Just three days after he interviewed with Albany County Democratic leaders and received their endorsement to run for a sixth term, Mayor Jerry Jennings has announced he will not seek re-election this fall.

“My love for this City and my commitment to our children, our neighborhoods, and the people who reside in them is boundless,” the mayor wrote in a statement released to members of the media this evening.

“Given this, the decision of whether to seek another term as your mayor has been one of the most difficult evaulations I have ever faced. My family has been supportive; my trusted friends valued.”
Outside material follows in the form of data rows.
lemma group_Pstar:
  assumes "p > 0" and "k > 0"
  shows "group (Pstar p n k)"
proof (rule groupI)
  fix x y assume "x \<in> carrier (Pstar p n k)" "y \<in> carrier (Pstar p n k)"
  then show "x \<otimes>\<^bsub>Pstar p n k\<^esub> y \<in> carrier (Pstar p n k)"
    using assms by (cases x, cases y) (auto simp: carrier_Pstar mult_Pstar residue_vectors_def)
next
  show "\<one>\<^bsub>Pstar p n k\<^esub> \<in> carrier (Pstar p n k)"
    using assms by (auto simp: carrier_Pstar one_Pstar residue_vectors_def)
next
  fix x y z :: "(nat \<Rightarrow> int) \<times> nat"
  obtain a i b j c l where xyz: "x = (a, i)" "y = (b, j)" "z = (c, l)"
    by (metis prod.exhaust)
  have sign: "(-1::int) ^ ((i + j) mod 2 ^ k) = (-1) ^ i * (-1) ^ j"
    using assms by (simp add: minus_one_power_mod_even power_add)
  have mod_inner: "(u + s * (v mod int p)) mod int p = (u + s * v) mod int p" for u s v :: int
    by (metis mod_add_right_eq mod_mult_right_eq)
  show "x \<otimes>\<^bsub>Pstar p n k\<^esub> y \<otimes>\<^bsub>Pstar p n k\<^esub> z = x \<otimes>\<^bsub>Pstar p n k\<^esub> (y \<otimes>\<^bsub>Pstar p n k\<^esub> z)"
    unfolding xyz mult_Pstar sign
    by (auto simp: fun_eq_iff mod_inner mod_add_left_eq mod_add_right_eq algebra_simps)
next
  fix x assume "x \<in> carrier (Pstar p n k)"
  then show "\<one>\<^bsub>Pstar p n k\<^esub> \<otimes>\<^bsub>Pstar p n k\<^esub> x = x"
    by (cases x) (auto simp: carrier_Pstar mult_Pstar one_Pstar residue_vectors_def fun_eq_iff)
next
  fix x assume "x \<in> carrier (Pstar p n k)"
  then obtain a i where x: "x = (a, i)" and "i < 2 ^ k"
    by (auto simp: carrier_Pstar)
  define y where "y = ((\<lambda>t. if t < n then - ((-1) ^ i * a t) mod int p else 0), (2 ^ k - i) mod 2 ^ k)"
  have "y \<in> carrier (Pstar p n k)"
    using assms by (auto simp: y_def carrier_Pstar residue_vectors_def)
  moreover have "y \<otimes>\<^bsub>Pstar p n k\<^esub> x = \<one>\<^bsub>Pstar p n k\<^esub>"
  proof -
    have "(-1::int) ^ ((2 ^ k - i) mod 2 ^ k) = (-1) ^ (2 ^ k - i)"
      using assms by (simp add: minus_one_power_mod_even)
    also have "\<dots> = (-1) ^ i"
      using assms \<open>i < 2 ^ k\<close> by (simp add: minus_one_power_iff)
    finally have sign: "(-1::int) ^ ((2 ^ k - i) mod 2 ^ k) = (-1) ^ i" .
    moreover have "((2 ^ k - i) mod 2 ^ k + i) mod 2 ^ k = (0::nat)"
      using \<open>i < 2 ^ k\<close> by (simp add: mod_add_left_eq)
    ultimately show ?thesis
      by (simp add: y_def x mult_Pstar one_Pstar fun_eq_iff mod_add_left_eq)
  qed
  ultimately show "\<exists>y\<in>carrier (Pstar p n k). y \<otimes>\<^bsub>Pstar p n k\<^esub> x = \<one>\<^bsub>Pstar p n k\<^esub>"
    by blast
qed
“After countless hours of deliberation and evaluation, I have decided not to seek re-election as your Mayor. Although every day I still find joy in the work I do and the people I serve, the time has come for a new chapter to be written.”

This doesn’t come as a big surprise. Sources close to Jennings have been saying for some time now that he was deeply torn about whether to run again, and he regularly admitted that he had not yet made up his mind.

Jennings was first elected in 1993, so it has been some time since there was an open race for mayor in Albany, which is rather infamous for electing local leaders with longevity.

Erastus Corning served for more than 40 years, from 1942 to 1983, and died in office. He was succeeded by Tom Whalen, who chose not to seek re-election in 1993 and was succeeded by Jennings after Jennings – then a bomb-throwing maverick Common Council member – defeated the Democratic Party’s endorsed candidate and former chairman, Harold Joyce, in a hotly contested primary.

Jennings, a former Albany High School vice principal who is perhaps best known for his year-round town and bear-hugging style (with both men and women), is an ally of Gov. Andrew Cuomo. In fact, he was one of the few Democratic elected officials to support Cuomo’s ill-fated 2002 gubernatorial primary against the party favorite, then-state Comptroller H. Carl McCall.

There was some speculation when Cuomo ran in 2010 that Jennings might be tapped to be his running-mate, but the then-AG chose Rochester Mayor Bob Duffy instead. There was also talk that Jennings might join the Cuomo administration, but that never happened either.

With this decision, the fall election season just got a whole lot more interesting in Albany. City Treasurer Kathy Sheehan and 11th Ward Democratic Leader Corey Ellis have already announced their campaigns, which would have set Jennings up in a three-way primary at a time when some observers are starting to talk about the need for new blood in City Hall.

Now that this is an open seat, however, it’s possible more contenders will jump into the race. It seems a little late in the game, since the race will likely be decided in the September primary, given the city’s Democrat enrollment edge. But, then again, petitioning doesn’t begin until next month.